Stored data:
......

section \<open>The point w = 1\<close>

lemma Re_S_integrand_1_ge:
  assumes t: "\<bar>t - 1\<bar> \<le> 1/2" and tv: "2 * \<bar>Im v\<bar> * \<bar>t - 1\<bar> \<le> 1" and n: "0 \<le> n"
  shows "exp (- \<bar>Re v\<bar>) / 2 * exp (- 2 * n * (t - 1)^2) \<le> Re (S_integrand n 1 v t)"
proof -
  define L where "L = ln t"
  have t0: "0 < t" using abs_le_D2[OF t] by linarith
  have L1: "\<bar>L\<bar> \<le> 2 * \<bar>t - 1\<bar>" using abs_ln_le_near_one[OF t] by (simp add: L_def)
  have L2: "t - 1 - 2 * (t - 1)^2 \<le> L" using ln_ge_near_one[OF t] by (simp add: L_def)
  define Z where "Z = of_real n * (1 - of_real t) + (of_real n + v) * of_real L"
  have "S_integrand n 1 v t = exp Z"
    using t0 by (simp add: S_integrand_def Z_def L_def powr_def Ln_of_real exp_add)
  then have Re_eq: "Re (S_integrand n 1 v t) = exp (n * (1 - t + L) + Re v * L) * cos (Im v * L)"
    by (simp add: Re_exp Z_def algebra_simps)
  have expo: "- 2 * n * (t - 1)^2 - \<bar>Re v\<bar> \<le> n * (1 - t + L) + Re v * L"
  proof -
    have "n * (- 2 * (t - 1)^2) \<le> n * (1 - t + L)" using L2 n by (intro mult_left_mono) auto
    moreover have "(- Re v) * L \<le> \<bar>- Re v\<bar>" using L1 t by (intro mult_le_abs_if_abs_le_one) auto
    ultimately show ?thesis by simp
  qed
  have cos_half: "1/2 \<le> cos (Im v * L)"
  proof (rule cos_ge_half)
    have "\<bar>Im v * L\<bar> \<le> \<bar>Im v\<bar> * (2 * \<bar>t - 1\<bar>)" unfolding abs_mult using L1 by (intro mult_left_mono) auto
    then show "\<bar>Im v * L\<bar> \<le> 1" using tv by simp
  qed
  have "exp (- 2 * n * (t - 1)^2 - \<bar>Re v\<bar>) * (1/2) \<le> exp (n * (1 - t + L) + Re v * L) * cos (Im v * L)"
    using expo cos_half by (intro mult_mono) auto
  then show ?thesis unfolding Re_eq by (simp add: exp_diff exp_minus field_simps)
qed

lemma Re_integral_S_integrand_1_ge:
  assumes d: "d \<le> 1/2" "2 * \<bar>Im v\<bar> * d \<le> 1" and n: "1 \<le> n" "0 < n + Re v"
    and ab: "0 \<le> a" "{a..b} \<subseteq> {1 - d..1 + d}"
    and ce: "a \<le> c" "c \<le> e" "e \<le> b" "{c..e} \<subseteq> {1 - 1 / sqrt n..1 + 1 / sqrt n}"
  shows "(e - c) * (exp (- \<bar>Re v\<bar> - 2) / 2) \<le> Re (integral {a..b} (S_integrand n 1 v))"
proof (rule Re_integral_ge_subinterval[OF S_integrand_integrable_on[OF n(2) ab(1)] ce(1-3)])
  have window: "exp (- \<bar>Re v\<bar>) / 2 * exp (- 2 * n * (t - 1)^2) \<le> Re (S_integrand n 1 v t)"
    if "t \<in> {a..b}" for t
  proof (rule Re_S_integrand_1_ge)
    have "\<bar>t - 1\<bar> \<le> d" using that ab by auto
    then show "\<bar>t - 1\<bar> \<le> 1/2" "2 * \<bar>Im v\<bar> * \<bar>t - 1\<bar> \<le> 1"
      using d order_trans[OF mult_left_mono[of "\<bar>t - 1\<bar>" d "2 * \<bar>Im v\<bar>"]] by auto
  qed (use n in simp)
  show "0 \<le> Re (S_integrand n 1 v t)" if "t \<in> {a..b}" for t
    using window[OF that] by (smt (verit) divide_nonneg_pos exp_gt_zero mult_nonneg_nonneg)
  show "exp (- \<bar>Re v\<bar> - 2) / 2 \<le> Re (S_integrand n 1 v t)" if t: "t \<in> {c..e}" for t
  proof -
    have "\<bar>t - 1\<bar> \<le> 1 / sqrt n" using t ce by auto
    then have "\<bar>t - 1\<bar>^2 \<le> (1 / sqrt n)^2" by (intro power_mono) auto
    then have "n * (t - 1)^2 \<le> n * (1 / n)" using n by (intro mult_left_mono) (auto simp: power_divide)
    then have "exp (- \<bar>Re v\<bar> - 2) / 2 \<le> exp (- \<bar>Re v\<bar>) / 2 * exp (- 2 * n * (t - 1)^2)"
      using n by (simp add: exp_diff exp_minus field_simps)
    also have "\<dots> \<le> Re (S_integrand n 1 v t)" using t ce by (intro window) auto
    finally show ?thesis .
  qed
qed

lemma Re_S_fun_1_ge:
  assumes d: "0 < d" "d \<le> 1/2" "2 * \<bar>Im v\<bar> * d \<le> 1" and n: "1 \<le> n" "0 < n + Re v" "1 / d^2 \<le> n"
  defines "q \<equiv> 1 - (1 - d) + ln (1 - d)"
  shows "1 + exp (- \<bar>Re v\<bar> - 2) / 2 * sqrt n - exp \<bar>Re v\<bar> * (n * exp ((n + Re v) * q)) \<le> Re (S_fun n 1 v)"
proof -
  define c0 where "c0 = exp (- \<bar>Re v\<bar> - 2) / 2"
  define K where "K = exp \<bar>Re v\<bar>"
  have head: "norm (integral {0..1 - d} (S_integrand n 1 v)) \<le> K * exp ((n + Re v) * q) * (1 - d - 0)"
  proof (rule integral_bound)
    show "continuous_on {0..1 - d} (S_integrand n 1 v)"
      by (rule continuous_on_subset[OF continuous_on_S_integrand[OF n(2)]]) auto
    show "norm (S_integrand n 1 v t) \<le> K * exp ((n + Re v) * q)" if "t \<in> {0..1 - d}" for t
      using that n d unfolding K_def q_def by (intro norm_S_integrand_Re_1_le_head) auto
  qed (use d in simp)
  moreover have "K * exp ((n + Re v) * q) * (1 - d - 0) \<le> K * exp ((n + Re v) * q)"
    using d by (intro mult_left_le) (auto simp: K_def)
  ultimately have head': "- (K * exp ((n + Re v) * q)) \<le> Re (integral {0..1 - d} (S_integrand n 1 v))"
    using abs_Re_le_cmod[of "integral {0..1 - d} (S_integrand n 1 v)"] by linarith
  have peak: "(1 - (1 - 1 / sqrt n)) * c0 \<le> Re (integral {1 - d..1} (S_integrand n 1 v))"
    unfolding c0_def using d n inverse_sqrt_le[OF d(1) n(3)] by (intro Re_integral_S_integrand_1_ge) auto
  have "Re (S_fun n 1 v) = 1 + n * (Re (integral {0..1 - d} (S_integrand n 1 v))
                                    + Re (integral {1 - d..1} (S_integrand n 1 v)))"
    using integral_S_integrand_combine[OF n(2), of 0 "1 - d" 1 1] d
    by (simp add: S_fun_eq_integral)
  also have "\<dots> \<ge> 1 + n * (- (K * exp ((n + Re v) * q)) + (1 / sqrt n) * c0)"
    using head' peak n by (intro add_left_mono mult_left_mono add_mono) auto
  also have "n * (- (K * exp ((n + Re v) * q)) + (1 / sqrt n) * c0) = c0 * (n / sqrt n) - K * (n * exp ((n + Re v) * q))"
    by (simp add: algebra_simps)
  also have "n / sqrt n = sqrt n" using n by (intro real_div_sqrt) auto
  finally show ?thesis by (simp add: c0_def K_def)
qed

lemma filterlim_Re_S_fun_1: "filterlim (\<lambda>n. Re (S_fun n 1 v)) at_top at_top"
proof -
  define d where "d = 1 / (2 * (\<bar>Im v\<bar> + 1))"
  have d: "0 < d" "d \<le> 1/2" "2 * \<bar>Im v\<bar> * d \<le> 1" by (auto simp: d_def field_simps)
  define q where "q = 1 - (1 - d) + ln (1 - d)"
  have q: "q < 0" using ln_less_minus_one[of "1 - d"] d by (simp add: q_def)
  define c0 where "c0 = exp (- \<bar>Re v\<bar> - 2) / 2"
  have "\<forall>\<^sub>F n in at_top. c0 * sqrt n - exp \<bar>Re v\<bar> \<le> Re (S_fun n 1 v)"
    using eventually_mult_exp_le_1[OF q, of "Re v" 0]
      eventually_ge_at_top[of "max 1 (max (1 - Re v) (1 / d^2))"]
  proof eventually_elim
    case (elim n)
    then have "exp \<bar>Re v\<bar> * (n * exp ((n + Re v) * q)) \<le> exp \<bar>Re v\<bar>"
      by (intro mult_left_le) auto
    moreover have "1 + c0 * sqrt n - exp \<bar>Re v\<bar> * (n * exp ((n + Re v) * q)) \<le> Re (S_fun n 1 v)"
      unfolding q_def c0_def by (rule Re_S_fun_1_ge[OF d]) (use elim in auto)
    ultimately show ?case by linarith
  qed
  moreover have "filterlim (\<lambda>n. c0 * sqrt n - exp \<bar>Re v\<bar>) at_top at_top"
    unfolding c0_def by real_asymp
  ultimately show ?thesis by (rule filterlim_at_top_mono[rotated])
qed

lemma Re_T_fun_1_ge:
  assumes d: "0 < d" "d \<le> 1/2" "2 * \<bar>Im v\<bar> * d \<le> 1" and n: "1 \<le> n" "0 < n + Re v" "1 / d^2 \<le> n"
    and tail_decay: "1 \<le> (n + Re v) * (1 - 1 / (1 + d)) - Re v"
  defines "q \<equiv> 1 - (1 + d) + ln (1 + d)"
  shows "exp (- \<bar>Re v\<bar> - 2) / 2 * sqrt n - n * exp ((n + Re v) * q + Re v * d) - 1 \<le> Re (T_fun n 1 v)"
proof -
  define c0 where "c0 = exp (- \<bar>Re v\<bar> - 2) / 2"
  define E where "E = n * exp ((n + Re v) * q + Re v * d)"
  have "c0 * sqrt n - E \<le> Re (of_real n * 1 * integral {1..X} (S_integrand n 1 v))" if X: "1 + d \<le> X" for X
  proof -
    have peak: "(1 + 1 / sqrt n - 1) * c0 \<le> Re (integral {1..1 + d} (S_integrand n 1 v))"
      unfolding c0_def using d n inverse_sqrt_le[OF d(1) n(3)] by (intro Re_integral_S_integrand_1_ge) auto
    have "norm (integral {1 + d..X} (S_integrand n 1 v)) \<le> exp ((n + Re v) * q + Re v * d)"
      using norm_integral_S_integrand_Re_1_tail_le[of 1 n v "1 + d" X] n tail_decay X d
      by (simp add: q_def)
    then have tail: "- exp ((n + Re v) * q + Re v * d) \<le> Re (integral {1 + d..X} (S_integrand n 1 v))"
      using abs_Re_le_cmod[of "integral {1 + d..X} (S_integrand n 1 v)"] by linarith
    have "Re (of_real n * 1 * integral {1..X} (S_integrand n 1 v))
            = n * (Re (integral {1..1 + d} (S_integrand n 1 v)) + Re (integral {1 + d..X} (S_integrand n 1 v)))"
      using integral_S_integrand_combine[OF n(2), of 1 "1 + d" X 1] X d by simp
    also have "\<dots> \<ge> n * (1 / sqrt n * c0 - exp ((n + Re v) * q + Re v * d))"
      using peak tail n by (intro mult_left_mono) auto
    also have "n * (1 / sqrt n * c0 - exp ((n + Re v) * q + Re v * d)) = c0 * (n / sqrt n) - E"
      by (simp add: E_def algebra_simps)
    also have "n / sqrt n = sqrt n" using n by (intro real_div_sqrt) auto
    finally show ?thesis .
  qed
  then have "c0 * sqrt n - E \<le> Re (T_fun n 1 v + 1)"
    using n by (intro tendsto_lowerbound[OF tendsto_Re[OF tendsto_T_fun_integral]]
                  eventually_mono[OF eventually_ge_at_top[of "1 + d"]]) auto
  then show ?thesis by (simp add: c0_def E_def)
qed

......

To do:
Lines wanted from the listing above: the line with "using tv by simp" up to and including the line with "using expo cos_half". Please write them out exactly, adding nothing else.

Task output:
    then show "\<bar>Im v * L\<bar> \<le> 1" using tv by simp
  qed
  have "exp (- 2 * n * (t - 1)^2 - \<bar>Re v\<bar>) * (1/2) \<le> exp (n * (1 - t + L) + Re v * L) * cos (Im v * L)"
    using expo cos_half by (intro mult_mono) auto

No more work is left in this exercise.